MATERIAL PROVIDED Block Start
lemma nonfinal_run_within_prefix:
  assumes eq: "y @ zeros a @ ones b = u @ zeros a' @ ones b' @ v"
    and "0 < b'" "v \<noteq> []" "\<not> hd v"
  shows "\<exists>v'. y = u @ zeros a' @ ones b' @ v' \<and> (v' = [] \<or> \<not> hd v')"
proof -
  from eq have "(u @ zeros a' @ ones b') @ v = y @ (zeros a @ ones b)" by simp
  then obtain us where
    "u @ zeros a' @ ones b' = y @ us \<and> us @ v = zeros a @ ones b
     \<or> u @ zeros a' @ ones b' @ us = y \<and> v = us @ zeros a @ ones b"
    unfolding append_eq_append_conv2 by auto
  then show ?thesis
  proof
    assume "u @ zeros a' @ ones b' = y @ us \<and> us @ v = zeros a @ ones b"
    then have prefix_eq: "u @ zeros a' @ ones b' = y @ us" and suffix_eq: "us @ v = zeros a @ ones b"
      by blast+
    have "us = []"
    proof (rule ccontr)
      assume "us \<noteq> []"
      have "last (y @ us)"
        unfolding prefix_eq[symmetric] using \<open>0 < b'\<close> by (simp add: last_append)
      then have "last us" using \<open>us \<noteq> []\<close> by simp
      then have "True \<in> set us" using \<open>us \<noteq> []\<close> last_in_set by fastforce
      moreover have "False \<in> set v"
        using \<open>v \<noteq> []\<close> \<open>\<not> hd v\<close> hd_in_set by fastforce
      moreover have "sorted (us @ v)"
        unfolding suffix_eq by (simp add: sorted_append)
      ultimately show False
        by (auto simp: sorted_append)
    qed
    with prefix_eq show ?thesis by (intro exI[of _ "[]"]) simp
  next
    assume "u @ zeros a' @ ones b' @ us = y \<and> v = us @ zeros a @ ones b"
    then show ?thesis using \<open>v \<noteq> []\<close> \<open>\<not> hd v\<close> by (cases us) auto
  qed
qed
(* Let $\rho>0$, $M\ge N$, $\hat P=\sum_{i=1}^{n_{\hat P}}\hat p_i\delta_{\hat\xi_i}$ on $X=\mathbb R^n$, $c(x,y)=\|x-y\|$ for a norm $\|\cdot\|$ on $\mathbb R^n$, and $\ell(x)=\min_{(a,b)\in\mathcal H}(a^\top x+b)$ for a polytope $\mathcal H\subseteq(\mathbb R^n)^N\times\mathbb R$. Then $U^{\mathrm{sym}}_M(\ell)$ equals the infimum of $$\mu M\rho+\sum_{\iota\in\hat{\mathcal I}}\hat p_\iota\sigma_\iota$$ over variables $\mu\ge0$, $\sigma_\iota\in\mathbb R$, $z_\iota=(z^j_\iota)_{j=1}^M\in(\mathbb R^n)^M$, $b_{l,\iota}\in\mathbb R$, $a_{l,\iota}\in(\mathbb R^n)^N$ ($l\in\mathcal L$, $\iota\in\hat{\mathcal I}$) subject to, for all $l\in\mathcal L$, $\iota\in\hat{\mathcal I}$, $j=1,\dots,M$: $$0\le\sigma_\iota+z_\iota^\top\hat\xi_{\upsilon(\iota)}+\tfrac{(M-N)!}{M!}\textstyle\sum_{l\in\mathcal L}b_{l,\iota},\quad \|z^j_\iota\|_*\le\mu,\quad z_\iota=\tfrac{(M-N)!}{M!}\textstyle\sum_{l\in\mathcal L}E_l^\top a_{l,\iota},\quad (a_{l,\iota},b_{l,\iota})\in-\mathcal H.$$ The optimal value does not depend on the choice of the selector $\upsilon$.
   Context: $c^M(x,y)=\sum_{i\le M}c(x_i,y_i)$; $\mathbb B^{c^M}_{M\rho}(\hat P^{\otimes M})$ is the set of Borel probability measures on $(\mathbb R^n)^M$ with finite first moment and optimal transport cost $W_{c^M}(\cdot,\hat P^{\otimes M})\le M\rho$; $\mathrm{pr}^M_{1:N}$ projects onto the first $N$ blocks; $g_{\mathrm{sym}}=\frac1{M!}\sum_{\pi\in\mathcal S_M}g\circ\pi$ with $\pi(x)=(x_{\pi(1)},\dots,x_{\pi(M)})$; $U^{\mathrm{sym}}_M(\ell)=\sup_{\bar P\in\mathbb B^{c^M}_{M\rho}(\hat P^{\otimes M})}\mathbb E_{\bar P}(\ell\circ\mathrm{pr}^M_{1:N})_{\mathrm{sym}}$. $\mathcal L=\{l\in\{1,\dots,M\}^N: l_k\ne l_{k'}\text{ for }k\ne k'\}$; $E_l\in\mathbb R^{nN\times nM}$ is the selection matrix with $E_lx=(x_{l_1},\dots,x_{l_N})$. $\hat I=\{1,\dots,n_{\hat P}\}^M$; $\mathbf i\sim\mathbf j$ iff $\mathbf i_k=\mathbf j_{\pi(k)}$ for all $k$ for some $\pi\in\mathcal S_M$; $\hat{\mathcal I}=\hat I/\!\sim$; $\upsilon:\hat{\mathcal I}\to\hat I$ is any fixed map with $\upsilon(\iota)\in\iota$; $\hat\xi_{\mathbf i}=(\hat\xi_{\mathbf i_1},\dots,\hat\xi_{\mathbf i_M})$; $\hat p_\iota=\sum_{\mathbf i\in\iota}\prod_{k=1}^M\hat p_{\mathbf i_k}$. $\|\cdot\|_*$ is the dual norm; $z_\iota^\top\hat\xi$ is the Euclidean inner product on $(\mathbb R^n)^M$. *)

theory Defs
  imports "HOL-Analysis.Analysis" "HOL-Probability.Probability" "HOL-Combinatorics.Permutations"
begin

(* A point of (R^n)^K is represented as a function x :: nat \<Rightarrow> real^'n,
   extensional on the block index set {..<K} (0-based). *)
definition blocks :: "nat \<Rightarrow> (nat \<Rightarrow> 'b) set" where
  "blocks K = PiE {..<K} (\<lambda>_. UNIV)"

definition is_norm :: "(real^'n \<Rightarrow> real) \<Rightarrow> bool" where
  "is_norm nrm \<longleftrightarrow> (\<forall>x y. nrm (x + y) \<le> nrm x + nrm y)
      \<and> (\<forall>c x. nrm (c *\<^sub>R x) = \<bar>c\<bar> * nrm x)
      \<and> (\<forall>x. nrm x = 0 \<longleftrightarrow> x = 0)"

definition dual_norm :: "(real^'n \<Rightarrow> real) \<Rightarrow> real^'n \<Rightarrow> real" where
  "dual_norm nrm z = (SUP x\<in>{x. nrm x \<le> 1}. z \<bullet> x)"

definition is_polytope :: "nat \<Rightarrow> ((nat \<Rightarrow> real^'n) \<times> real) set \<Rightarrow> bool" where
  "is_polytope N H \<longleftrightarrow> (\<exists>V. finite V \<and> V \<noteq> {} \<and> V \<subseteq> blocks N \<times> UNIV \<and>
     H = {((\<lambda>k. if k < N then (\<Sum>v\<in>V. w v *\<^sub>R fst v k) else undefined),
           (\<Sum>v\<in>V. w v * snd v)) | w. (\<forall>v\<in>V. 0 \<le> w v) \<and> (\<Sum>v\<in>V. w v) = 1})"

definition loss :: "nat \<Rightarrow> ((nat \<Rightarrow> real^'n) \<times> real) set \<Rightarrow> (nat \<Rightarrow> real^'n) \<Rightarrow> real" where
  "loss N H x = (INF p\<in>H. (\<Sum>k<N. fst p k \<bullet> x k) + snd p)"

definition proj_first :: "nat \<Rightarrow> (nat \<Rightarrow> 'b) \<Rightarrow> nat \<Rightarrow> 'b" where
  "proj_first N x = restrict x {..<N}"

definition symmetrize :: "nat \<Rightarrow> ((nat \<Rightarrow> 'b) \<Rightarrow> real) \<Rightarrow> (nat \<Rightarrow> 'b) \<Rightarrow> real" where
  "symmetrize M g x = (1 / fact M) * (\<Sum>\<pi>\<in>{\<pi>. \<pi> permutes {..<M}}. g (restrict (\<lambda>k. x (\<pi> k)) {..<M}))"

definition blockspace :: "nat \<Rightarrow> (nat \<Rightarrow> real^'n) measure" where
  "blockspace M = PiM {..<M} (\<lambda>_. borel)"

definition discrete_measure :: "nat \<Rightarrow> (nat \<Rightarrow> real) \<Rightarrow> (nat \<Rightarrow> real^'n) \<Rightarrow> (real^'n) measure" where
  "discrete_measure np p xi = measure_of UNIV (sets borel)
      (\<lambda>A. \<Sum>i\<in>{1..np}. ennreal (p i) * indicator A (xi i))"

definition costM :: "(real^'n \<Rightarrow> real) \<Rightarrow> nat \<Rightarrow> (nat \<Rightarrow> real^'n) \<Rightarrow> (nat \<Rightarrow> real^'n) \<Rightarrow> real" where
  "costM nrm M x y = (\<Sum>i<M. nrm (x i - y i))"

definition couplings :: "nat \<Rightarrow> (nat \<Rightarrow> real^'n) measure \<Rightarrow> (nat \<Rightarrow> real^'n) measure
     \<Rightarrow> ((nat \<Rightarrow> real^'n) \<times> (nat \<Rightarrow> real^'n)) measure set" where
  "couplings M P Q = {\<pi>. prob_space \<pi> \<and>
       sets \<pi> = sets (blockspace M \<Otimes>\<^sub>M blockspace M) \<and>
       distr \<pi> (blockspace M) fst = P \<and> distr \<pi> (blockspace M) snd = Q}"

definition ot_cost :: "(real^'n \<Rightarrow> real) \<Rightarrow> nat \<Rightarrow> (nat \<Rightarrow> real^'n) measure \<Rightarrow> (nat \<Rightarrow> real^'n) measure \<Rightarrow> ennreal" where
  "ot_cost nrm M P Q = (INF \<pi>\<in>couplings M P Q. \<integral>\<^sup>+ xy. ennreal (costM nrm M (fst xy) (snd xy)) \<partial>\<pi>)"

definition finite_first_moment_probs :: "nat \<Rightarrow> (nat \<Rightarrow> real^'n) measure set" where
  "finite_first_moment_probs M = {P. prob_space P \<and> sets P = sets (blockspace M) \<and>
       (\<integral>\<^sup>+ x. ennreal (\<Sum>i<M. norm (x i)) \<partial>P) < \<infinity>}"

definition ot_ball :: "(real^'n \<Rightarrow> real) \<Rightarrow> nat \<Rightarrow> real \<Rightarrow> (nat \<Rightarrow> real^'n) measure \<Rightarrow> (nat \<Rightarrow> real^'n) measure set" where
  "ot_ball nrm M r Q = {P \<in> finite_first_moment_probs M. ot_cost nrm M P Q \<le> ennreal r}"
MATERIAL PROVIDED Block End
Copy whichever lines of the records above contain the word "loss".

[PROBLEM SOLUTION]:
definition loss :: "nat \<Rightarrow> ((nat \<Rightarrow> real^'n) \<times> real) set \<Rightarrow> (nat \<Rightarrow> real^'n) \<Rightarrow> real" where
  "loss N H x = (INF p\<in>H. (\<Sum>k<N. fst p k \<bullet> x k) + snd p)"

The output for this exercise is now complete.